Viable alternatives are already springing up. A new network has been touted in the media that allows users to fully control the information they share by setting up their own personal servers, called “seeds.” Raphael Sofaer, co-founder of Diaspora, says that centralized networks like Facebook are not necessary. “In our real lives, we talk to each other,” he said. “We don’t need to hand our messages to a hub.”
Facebook’s growth curve is so strong that the recent privacy flaps seem not to have affected the numbers, but that can be deceptive. The biggest threat to Facebook is what Augie Ray, senior analyst at Forrester Research, calls “death by a thousand privacy cuts.” Messages about how Facebook has turned on its users and betrayed their trust are flooding the feed, and a new application called PrivacyDefender, a tool that automatically configures your Facebook privacy settings, is doing brisk business. The accumulation of lawmaker concerns, high-profile deleters, organizations raising consumer awareness, and security bugs (such as those found in Yelp) can create growing and important problems for Facebook.
Click here to read the article in its entirety.
If you're looking for specific ways Facebook could improve privacy, I suggest checking out the open letter sent to the company by a coalition that included the Electronic Frontier Foundation, the ACLU of Northern California, and the Center for Democracy and Technology, Center for Digital Democracy, Consumer Action, Consumer Watchdog, Electronic Privacy Information Center Privacy Activism, Privacy Lives and the Privacy Rights Clearinghouse.

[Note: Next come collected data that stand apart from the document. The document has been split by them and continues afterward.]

(* Let $A\in\mathbb{R}^{n\times n}$, $B\in\mathbb{R}^{n\times m}$, $N\geq1$ an integer, $\Omega=\{x\in\mathbb{R}^n: Hx\leq h\}$ with $H\in\mathbb{R}^{n_h\times n}$, $X=\{y\in\mathbb{R}^n: Fy\leq f\}$ with $F\in\mathbb{R}^{n_f\times n}$, and $U=\{v\in\mathbb{R}^m: Gv\leq g\}$ with $G\in\mathbb{R}^{n_g\times m}$. Suppose $0\in\Omega$, $0\in X$, $0\in U$. For $k\geq1$ let $Q_k^x(\Omega,U,X)$ be the set of $x\in X$ for which there exist inputs $w_0,\dots,w_{k-1}\in U$ such that the trajectory $x_0=x$, $x_{j+1}=Ax_j+Bw_j$ satisfies $x_j\in X$ for all $j=1,\dots,k$ and $x_k\in\Omega$. Let $\bar{Q}^x_N(\Omega,U,X)=\mathrm{co}\big(\bigcup_{k=1}^N Q^x_k(\Omega,U,X)\big)$. Set $\bar n=n+Nm$ and $$\bar G=\begin{bmatrix} HA^N & HB & HAB & \cdots & HA^{N-1}B\\ 0 & G & 0 & \cdots & 0\\ 0 & 0 & G & \cdots & 0\\ \vdots & & & \ddots & \vdots\\ 0 & 0 & 0 & \cdots & G\\ FA^N & FB & FAB & \cdots & FA^{N-1}B\\ FA^{N-1} & 0 & FB & \cdots & FA^{N-2}B\\ \vdots & & & & \vdots\\ FA & 0 & 0 & \cdots & FB\\ F & 0 & 0 & \cdots & 0 \end{bmatrix},\qquad \bar g=\begin{bmatrix}h\\ g\\ \vdots\\ g\\ f\\ \vdots\\ f\end{bmatrix},\qquad \bar H=\begin{bmatrix}H & 0&\cdots&0\end{bmatrix}\in\mathbb{R}^{n_h\times\bar n}.$$ Here the columns of $\bar G$ are split into blocks of widths $n,m,\dots,m$ (one state block followed by $N$ input blocks indexed $i=1,\dots,N$); the $G$-rows consist of $N$ block rows, the $i$-th having $G$ in input block $i$; the $F$-rows consist of $N+1$ block rows, namely for $j=N,N-1,\dots,1$ a block row with $FA^j$ in the state block and, in input block $i$, $FA^{i-1-(N-j)}B$ if $i\geq N-j+1$ and $0$ otherwise, followed by the block row $[F\ 0\ \cdots\ 0]$. Correspondingly $\bar g$ consists of $h$, then $g$ repeated $N$ times, then $f$ repeated $N+1$ times, and $n_{\bar g}=n_h+Nn_g+(N+1)n_f$ is the number of rows of $\bar G$. If there exist a nonnegative (entrywise) matrix $T\in\mathbb{R}^{n_{\bar g}\times n_h}$ and $M\in\mathbb{R}^{\bar n\times\bar n}$ such that $$T\bar H=\bar G M,\qquad Th\leq\bar g,\qquad \begin{bmatrix}I&0&\cdots&0\end{bmatrix}=\begin{bmatrix}I&0&\cdots&0\end{bmatrix}M$$ (with $\begin{bmatrix}I&0&\cdots&0\end{bmatrix}\in\mathbb{R}^{n\times\bar n}$), then $\bar{Q}^x_N(\Omega,U,X)$ is a control invariant set for $x^+=Ax+Bu$ with input set $U$, and it is contained in $X$.
   Context: A set $C\subseteq\mathbb{R}^n$ is control invariant for $x^+=Ax+Bu$ with input constraint $u\in U$ if for every $x\in C$ there exists $u\in U$ with $Ax+Bu\in C$. Vector inequalities are componentwise; $\mathrm{co}$ denotes convex hull. *)

theory Defs
  imports "HOL-Analysis.Analysis"
begin

primrec mpow :: "real^'n^'n \<Rightarrow> nat \<Rightarrow> real^'n^'n" where
  "mpow A 0 = mat 1"
| "mpow A (Suc k) = A ** mpow A k"

definition control_invariant ::
  "real^'n^'n \<Rightarrow> real^'m^'n \<Rightarrow> (real^'m) set \<Rightarrow> (real^'n) set \<Rightarrow> bool" where
  "control_invariant A B U C \<longleftrightarrow> (\<forall>x\<in>C. \<exists>u\<in>U. A *v x + B *v u \<in> C)"

primrec traj :: "real^'n^'n \<Rightarrow> real^'m^'n \<Rightarrow> real^'n \<Rightarrow> (nat \<Rightarrow> real^'m) \<Rightarrow> nat \<Rightarrow> real^'n" where
  "traj A B x w 0 = x"
| "traj A B x w (Suc j) = A *v traj A B x w j + B *v w j"

definition Qk ::
  "real^'n^'n \<Rightarrow> real^'m^'n \<Rightarrow> (real^'n) set \<Rightarrow> (real^'m) set \<Rightarrow> (real^'n) set \<Rightarrow> nat \<Rightarrow> (real^'n) set" where
  "Qk A B Omega U X k = {x \<in> X. \<exists>w. (\<forall>j<k. w j \<in> U) \<and> (\<forall>j\<in>{1..k}. traj A B x w j \<in> X)
                                      \<and> traj A B x w k \<in> Omega}"

definition Qbar ::
  "real^'n^'n \<Rightarrow> real^'m^'n \<Rightarrow> (real^'n) set \<Rightarrow> (real^'m) set \<Rightarrow> (real^'n) set \<Rightarrow> nat \<Rightarrow> (real^'n) set" where
  "Qbar A B Omega U X N = convex hull (\<Union>k\<in>{1..N}. Qk A B Omega U X k)"

(* Column indices of the lifted space R^{n + N m}:
   SC c = state coordinate c; IC i a = coordinate a of input block i+1 (0 <= i < N). *)
datatype ('n, 'm) cidx = SC 'n | IC nat 'm

definition Cols :: "nat \<Rightarrow> ('n, 'm) cidx set" where
  "Cols N = range SC \<union> {IC i a | i a. i < N}"

(* Row indices of Gbar: HR r = H-row r; GR i r = row r of the G-block row for input block i+1 (i < N);
   FR j r = row r of the F-block row whose state block is F A^j (0 <= j <= N). *)
datatype ('h, 'g, 'f) ridx = HR 'h | GR nat 'g | FR nat 'f

definition Rows :: "nat \<Rightarrow> ('h, 'g, 'f) ridx set" where
  "Rows N = range HR \<union> {GR i r | i r. i < N} \<union> {FR j r | j r. j \<le> N}"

The letter urged Facebook to make a host of important privacy improvements that would better protect users. Here's some specific examples of what the letter requested:
1) Fix the “app gap” by empowering users to decide exactly which applications can access their personal information.
2) Make “instant personalization” opt-in by default -
3) Do not retain data about specific visitors to third party sites that incorporate “social plugins” or the “like” button unless the site visitor chooses to interact with those tools.
4) Provide users with control over every piece of information they can share via Facebook, including their name, gender, profile picture, and networks.
5) Protect Facebook users from other threats by using an HTTPS connection for all interactions by default.
6) Provide users with simple tools for exporting their uploaded content and the details of their social network so that users who are no longer comfortable with Facebook’s policies and want to leave for another social network service do not have to choose between safeguarding their privacy and staying connected to their friends.
Facebook: The Embodiment of the Opt-Out vs. Opt-In Debate
As I have written before, "This is a landmark privacy debate with broad implications. The company has been actively undermining user privacy in the name of the almighty dollar for years now. Its opt-out model embodies the current debate over privacy in the information age.
The real question that must be answered is whether the individual owns his or her private information, or do companies like Facebook? If our personal information is truly "ours", then anyone wanting to use it must come ask us for it first (Opt-In), just like when somebody wants to use something else that we own.
This growing privacy debate is all the more important because the public is entrusting increasing amounts of private information to websites and online social networks.
As a San Francisco Chronicle editorial noted a few months back, “Opting in is always better than opting out. Facebook's privacy policy is 5,830 words of legalese - longer than the U.S. Constitution (minus amendments). It's cruel and unrealistic to ask more than 400 million users to navigate it; far better would be to allow people to "opt in" to data sharing.”